• _Task item_
A verbatim reproduction of the lines below, from the line containing "text \<open>P0 functions: a" through the line containing "mesh vertices matter);", both ends included, is the whole required output.
** Opening Materials provided block **
(* Let $u^m\in\mathbb{P}^{\mathrm{disc}}_0(\mathcal{T}_h)$ and $v^m\in\mathbb{P}^{\mathrm{cont}}_1(\mathcal{T}_h)$ be given and let $(v^{m+1},u^{m+1},\mu_\varepsilon^{m+1})$ be any solution of the fully discrete scheme (Step 1 and Step 2 described in the context). Then $$a^{upw}_h(\mu_\varepsilon^{m+1};(u^{m+1})_\oplus,\mu_\varepsilon^{m+1})\ge 0,$$ and consequently the scheme is unconditionally energy stable: $$E_\varepsilon(u^{m+1},v^{m+1})\le E_\varepsilon(u^m,v^m),$$ where $E_\varepsilon(u,v)=\int_\Omega\Big(k_0(u+\varepsilon)\log(u+\varepsilon)-k_1uv+\frac{k_1k_2}{2k_4}|\nabla v|^2+\frac{k_1k_3}{2k_4}v^2\Big)$.
   Context: Let $\Omega\subset\mathbb{R}^2$ be a bounded polygonal domain and $\mathcal{T}_h$ a shape-regular triangular mesh of $\overline\Omega$ of size $h$. $\mathcal{E}_h^i$ denotes the set of interior edges. For an interior edge $e=\partial K\cap\partial L$ the two adjacent triangles are labelled $K,L$ so that the unit normal $\mathbf{n}_e$ points from $K$ to $L$; for a function $w$, $w_K,w_L$ are its traces from $K$ and $L$ and the jump is $[\![w]\!]=w_K-w_L$. $C_K$ denotes the barycenter of $K$, and $\mathcal{D}_e=|C_K-C_L|$ for $e=K\cap L\in\mathcal{E}_h^i$. The mesh is assumed to satisfy: (H1) for every interior edge $e=K\cap L$, the segment joining $C_K$ and $C_L$ is orthogonal to $e$; (H2) every angle of every triangle of $\mathcal{T}_h$ is at most $\pi/2$. $\mathbb{P}^{\mathrm{disc}}_0(\mathcal{T}_h)$ is the space of piecewise constant functions on $\mathcal{T}_h$, $\mathbb{P}^{\mathrm{cont}}_1(\mathcal{T}_h)$ the space of continuous piecewise linear functions, and $\Pi_0$ the $L^2(\Omega)$-orthogonal projection onto $\mathbb{P}^{\mathrm{disc}}_0(\mathcal{T}_h)$. For a scalar $w$, $w_\oplus=\max\{w,0\}$, $w_\ominus=-\min\{w,0\}$. $(\cdot,\cdot)$ is the $L^2(\Omega)$ inner product and $(f,g)_h=\int_\Omega I_h(fg)$ the mass-lumped inner product, $I_h$ being the nodal $\mathbb{P}_1$ interpolant. The upwind form is $$a^{upw}_h(\mu;u,\bar u)=\int_\Omega(\nabla\mu\cdot\nabla\bar u)\,u+\sum_{e\in\mathcal{E}_h^i,\,e=K\cap L}\frac{1}{\mathcal{D}_e}\int_e\Big(([\![\Pi_0\mu]\!])_\oplus u_K-([\![\Pi_0\mu]\!])_\ominus u_L\Big)[\![\bar u]\!].$$ Parameters: $k_0,\dots,k_4>0$, $\tau\in\{0,1\}$, time step $\Delta t>0$, $\varepsilon>0$; $\delta_t w^{m+1}=(w^{m+1}-w^m)/\Delta t$. The scheme: Step 1: find $v^{m+1}\in\mathbb{P}^{\mathrm{cont}}_1(\mathcal{T}_h)$ with $\tau(\delta_t v^{m+1},\bar v)_h+k_2(\nabla v^{m+1},\nabla\bar v)+k_3(v^{m+1},\bar v)_h-k_4(u^m,\bar v)=0$ for all $\bar v\in\mathbb{P}^{\mathrm{cont}}_1(\mathcal{T}_h)$. Step 2: find $(u^{m+1},\mu_\varepsilon^{m+1})\in\mathbb{P}^{\mathrm{disc}}_0(\mathcal{T}_h)^2$ with $u^{m+1}+\varepsilon>0$ such that $(\delta_t u^{m+1},\bar u)+a^{upw}_h(\mu_\varepsilon^{m+1};(u^{m+1})_\oplus,\bar u)=0$ and $(\mu_\varepsilon^{m+1},\bar\mu)-k_0(\log(u^{m+1}+\varepsilon),\bar\mu)+k_1(v^{m+1},\bar\mu)=0$ for all $\bar u,\bar\mu\in\mathbb{P}^{\mathrm{disc}}_0(\mathcal{T}_h)$. (It is assumed $u^m+\varepsilon>0$ so that $E_\varepsilon(u^m,v^m)$ is defined.)
   Formalization: In $E_\varepsilon(u,v)$ the term $\frac{k_1k_3}{2k_4}v^2$ is integrated by mass lumping, that is, it enters as $\frac{k_1k_3}{2k_4}\int_\Omega I_h(v^2)$ instead of the exact integral over $\Omega$. The statement above fails without it. *)

theory Defs
  imports "HOL-Analysis.Analysis"
begin

type_synonym pt = "real^2"
type_synonym tri = "pt set"   \<comment> \<open>a triangle is represented by its set of three vertices\<close>

definition is_triangle :: "tri \<Rightarrow> bool" where
  "is_triangle K \<longleftrightarrow> card K = 3 \<and> \<not> collinear K"

definition mesh_domain :: "tri set \<Rightarrow> pt set" where
  "mesh_domain T = (\<Union>K\<in>T. convex hull K)"

definition admissible_mesh :: "tri set \<Rightarrow> bool" where
  "admissible_mesh T \<longleftrightarrow> finite T \<and> T \<noteq> {} \<and> (\<forall>K\<in>T. is_triangle K) \<and>
     (\<forall>K\<in>T. \<forall>L\<in>T. K \<noteq> L \<longrightarrow> convex hull K \<inter> convex hull L = convex hull (K \<inter> L)) \<and>
     connected (interior (mesh_domain T))"

text \<open>Interior edges e = K \<inter> L, listed as ordered pairs (K,L) of adjacent triangles
  (each geometric interior edge appears twice, once per orientation).\<close>
definition int_edges :: "tri set \<Rightarrow> (tri \<times> tri) set" where
  "int_edges T = {(K, L). K \<in> T \<and> L \<in> T \<and> K \<noteq> L \<and> card (K \<inter> L) = 2}"

definition barycenter :: "tri \<Rightarrow> pt" where
  "barycenter K = (1/3) *\<^sub>R (\<Sum>a\<in>K. a)"

definition Dist_e :: "tri \<Rightarrow> tri \<Rightarrow> real" where
  "Dist_e K L = dist (barycenter K) (barycenter L)"

definition elen :: "tri \<Rightarrow> tri \<Rightarrow> real" where
  "elen K L = Max {dist p q | p q. p \<in> K \<inter> L \<and> q \<in> K \<inter> L}"

definition area :: "tri \<Rightarrow> real" where
  "area K = Henstock_Kurzweil_Integration.content (convex hull K)"

definition H1 :: "tri set \<Rightarrow> bool" where
  "H1 T \<longleftrightarrow> (\<forall>(K, L)\<in>int_edges T. \<forall>p\<in>K \<inter> L. \<forall>q\<in>K \<inter> L.
      (barycenter K - barycenter L) \<bullet> (p - q) = 0)"

definition H2 :: "tri set \<Rightarrow> bool" where
  "H2 T \<longleftrightarrow> (\<forall>K\<in>T. \<forall>a\<in>K. \<forall>b\<in>K. \<forall>c\<in>K. b \<noteq> a \<and> c \<noteq> a \<longrightarrow> (b - a) \<bullet> (c - a) \<ge> 0)"

text \<open>P0 functions: a real value per triangle, tri => real.
  Continuous P1 functions: given by their nodal values pt => real (only the values at
  mesh vertices matter); on a triangle K the function is the affine interpolant below.\<close>

definition grad :: "tri \<Rightarrow> (pt \<Rightarrow> real) \<Rightarrow> pt" where
  "grad K w = (THE g. \<forall>a\<in>K. \<forall>b\<in>K. g \<bullet> (b - a) = w b - w a)"

definition p1_on :: "tri \<Rightarrow> (pt \<Rightarrow> real) \<Rightarrow> pt \<Rightarrow> real" where
  "p1_on K w x = w (SOME a. a \<in> K) + grad K w \<bullet> (x - (SOME a. a \<in> K))"

definition ip00 :: "tri set \<Rightarrow> (tri \<Rightarrow> real) \<Rightarrow> (tri \<Rightarrow> real) \<Rightarrow> real" where
  "ip00 T f g = (\<Sum>K\<in>T. integral (convex hull K) (\<lambda>x. f K * g K))"

definition ip01 :: "tri set \<Rightarrow> (tri \<Rightarrow> real) \<Rightarrow> (pt \<Rightarrow> real) \<Rightarrow> real" where
  "ip01 T u w = (\<Sum>K\<in>T. integral (convex hull K) (\<lambda>x. u K * p1_on K w x))"

definition ipgrad :: "tri set \<Rightarrow> (pt \<Rightarrow> real) \<Rightarrow> (pt \<Rightarrow> real) \<Rightarrow> real" where
  "ipgrad T v w = (\<Sum>K\<in>T. integral (convex hull K) (\<lambda>x. grad K v \<bullet> grad K w))"

text \<open>Mass-lumped product (f,g)_h = integral of the nodal P1 interpolant of f g.\<close>
definition iplump :: "tri set \<Rightarrow> (pt \<Rightarrow> real) \<Rightarrow> (pt \<Rightarrow> real) \<Rightarrow> real" where
  "iplump T f g = (\<Sum>K\<in>T. integral (convex hull K) (p1_on K (\<lambda>a. f a * g a)))"

definition ppart :: "real \<Rightarrow> real" where "ppart x = max x 0"
definition npart :: "real \<Rightarrow> real" where "npart x = - min x 0"

text \<open>The volume term vanishes (broken gradients of P0
  functions are zero) and \<Pi>0 \<mu> = \<mu>. Each interior edge occurs twice in int_edges (both
  orientations) and the edge term does not depend on the orientation, hence the factor 1/2.
  The integrand on e is constant, so the edge integral is |e| times it.\<close>
definition a_upw :: "tri set \<Rightarrow> (tri \<Rightarrow> real) \<Rightarrow> (tri \<Rightarrow> real) \<Rightarrow> (tri \<Rightarrow> real) \<Rightarrow> real" where
  "a_upw T mu u ub = (1/2) * (\<Sum>(K, L)\<in>int_edges T.
      (elen K L / Dist_e K L) *
      (ppart (mu K - mu L) * u K - npart (mu K - mu L) * u L) * (ub K - ub L))"

text \<open>Discrete energy (the v^2 term is the mass-lumped one, consistent with the scheme).\<close>
definition energy :: "tri set \<Rightarrow> real \<Rightarrow> real \<Rightarrow> real \<Rightarrow> real \<Rightarrow> real \<Rightarrow> real \<Rightarrow>
    (tri \<Rightarrow> real) \<Rightarrow> (pt \<Rightarrow> real) \<Rightarrow> real" where
  "energy T k0 k1 k2 k3 k4 \<epsilon> u v =
     (\<Sum>K\<in>T. integral (convex hull K) (\<lambda>x. k0 * ((u K + \<epsilon>) * ln (u K + \<epsilon>))))
     - k1 * ip01 T u v
     + (k1 * k2 / (2 * k4)) * ipgrad T v v
     + (k1 * k3 / (2 * k4)) * iplump T v v"

end

theory Submission
  imports Defs
begin

(* Testing the transport equation with \<mu>^(m+1) gives (\<delta>t u^(m+1), \<mu>^(m+1)) = -a_upw(\<mu>; u\<oplus>, \<mu>) \<le> 0:
   on every edge the upwind flux times the jump of \<mu> equals
   ((\<mu>K - \<mu>L)\<oplus>)^2 uK + ((\<mu>K - \<mu>L)\<ominus>)^2 uL.  Testing it with 1 gives conservation of mass.
   Testing the equation for \<mu> with u^(m+1) - u^m and using the tangent inequality of the convex
   function s \<mapsto> s ln s bounds the increase of the entropy part of the energy by
   k1 (u^(m+1) - u^m, v^(m+1)).  Testing the equation for v with v^(m+1) and with v^m, the inequality
   2 a(v,w) \<le> a(v,v) + a(w,w) for the gradient and the mass-lumped form bounds the increase of the
   quadratic part by k1 (u^m, v^(m+1) - v^m).  These two bounds exactly compensate the change of the
   coupling term -k1 (u, v). *)

section \<open>Affine interpolation on a triangle\<close>

lemma ex1_inner_pair_eq:
  fixes p q :: "real^2"
  assumes det: "p$1 * q$2 - p$2 * q$1 \<noteq> 0"
  shows "\<exists>!g. g \<bullet> p = r \<and> g \<bullet> q = s"
proof -
  define d where "d = p$1 * q$2 - p$2 * q$1"
  have d: "d \<noteq> 0" using det by (simp add: d_def)
  \<comment> \<open>Cramer's rule\<close>
  define g :: "real^2" where "g = (\<chi> i. if i = 1 then (r * q$2 - s * p$2) / d else (s * p$1 - r * q$1) / d)"
  have "g \<bullet> p = ((r * q$2 - s * p$2) * p$1 + (s * p$1 - r * q$1) * p$2) / d"
       "g \<bullet> q = ((r * q$2 - s * p$2) * q$1 + (s * p$1 - r * q$1) * q$2) / d"
    by (simp_all add: g_def inner_vec_def sum_2 add_divide_distrib)
  moreover have "(r * q$2 - s * p$2) * p$1 + (s * p$1 - r * q$1) * p$2 = r * d"
       "(r * q$2 - s * p$2) * q$1 + (s * p$1 - r * q$1) * q$2 = s * d"
    by (simp_all add: d_def algebra_simps)
  ultimately have "g \<bullet> p = r \<and> g \<bullet> q = s"
    using d by simp
  moreover have "h = g" if "h \<bullet> p = r \<and> h \<bullet> q = s" for h
  proof -
    have hp: "h$1 * p$1 + h$2 * p$2 = r" and hq: "h$1 * q$1 + h$2 * q$2 = s"
      using that by (simp_all add: inner_vec_def sum_2 mult.commute)
    have "h$1 * d = q$2 * (h$1 * p$1 + h$2 * p$2) - p$2 * (h$1 * q$1 + h$2 * q$2)"
         "h$2 * d = p$1 * (h$1 * q$1 + h$2 * q$2) - q$1 * (h$1 * p$1 + h$2 * p$2)"
      by (simp_all add: d_def algebra_simps)
    then have "h$1 = (r * q$2 - s * p$2) / d" "h$2 = (s * p$1 - r * q$1) / d"
      unfolding hp hq using d by (simp_all add: eq_divide_eq mult.commute)
    then show ?thesis by (simp add: g_def vec_eq_iff forall_2)
  qed
  ultimately show ?thesis by blast
qed

lemma cross_neq_0_if_not_collinear:
  fixes a b c :: "real^2"
  assumes "\<not> collinear {a, b, c}"
  shows "(b - a)$1 * (c - a)$2 - (b - a)$2 * (c - a)$1 \<noteq> 0"
proof
  define p q where "p = b - a" and "q = c - a"
  assume "(b - a)$1 * (c - a)$2 - (b - a)$2 * (c - a)$1 = 0"
  then have cross: "p$1 * q$2 = p$2 * q$1" by (simp add: p_def q_def)
  have "p = 0 \<or> (\<exists>t. q = t *\<^sub>R p)"
  proof (cases "p$1 = 0")
    case True
    show ?thesis
    proof (cases "p$2 = 0")
      case False
      with True cross have "q = (q$2 / p$2) *\<^sub>R p"
        by (simp add: vec_eq_iff forall_2 field_simps)
      then show ?thesis by blast
    qed (use True in \<open>simp add: vec_eq_iff forall_2\<close>)
  next
    case False
    with cross have "q = (q$1 / p$1) *\<^sub>R p"
      by (simp add: vec_eq_iff forall_2 field_simps)
    then show ?thesis by blast
  qed
  then have "collinear {0, p, q}" by (auto simp: collinear_lemma)
  then have "collinear {b, a, c}" by (simp add: collinear_3 p_def q_def)
  with assms show False by (simp add: insert_commute)
qed

lemma triangle_finite: "is_triangle K \<Longrightarrow> finite K"
  unfolding is_triangle_def by (metis card.infinite zero_neq_numeral)

lemma ex1_triangle_gradient:
  assumes "is_triangle K"
  shows "\<exists>!g. \<forall>x\<in>K. \<forall>y\<in>K. g \<bullet> (y - x) = w y - w x"
proof -
  obtain a b c where K: "K = {a, b, c}" and nc: "\<not> collinear {a, b, c}"
    using assms unfolding is_triangle_def card_3_iff by blast
  have "(\<forall>x\<in>K. \<forall>y\<in>K. g \<bullet> (y - x) = w y - w x) \<longleftrightarrow>
        g \<bullet> (b - a) = w b - w a \<and> g \<bullet> (c - a) = w c - w a" for g
  proof
    assume "g \<bullet> (b - a) = w b - w a \<and> g \<bullet> (c - a) = w c - w a"
    then have base: "\<forall>z\<in>K. g \<bullet> (z - a) = w z - w a" using K by auto
    show "\<forall>x\<in>K. \<forall>y\<in>K. g \<bullet> (y - x) = w y - w x"
    proof (intro ballI)
      fix x y assume "x \<in> K" "y \<in> K"
      with base have "g \<bullet> (y - a) - g \<bullet> (x - a) = w y - w x" by simp
      then show "g \<bullet> (y - x) = w y - w x" by (simp add: inner_diff_right)
    qed
  qed (use K in auto)
  then show ?thesis
    using ex1_inner_pair_eq[OF cross_neq_0_if_not_collinear[OF nc]] by simp
qed

lemma grad_inner_diff:
  assumes "is_triangle K" "x \<in> K" "y \<in> K"
  shows "grad K w \<bullet> (y - x) = w y - w x"
  using theI'[OF ex1_triangle_gradient[OF assms(1), of w]] assms(2,3)
  unfolding grad_def by blast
** Closing Materials provided block **
• _Task output_
text \<open>P0 functions: a real value per triangle, tri => real.
  Continuous P1 functions: given by their nodal values pt => real (only the values at
  mesh vertices matter); on a triangle K the function is the affine interpolant below.\<close>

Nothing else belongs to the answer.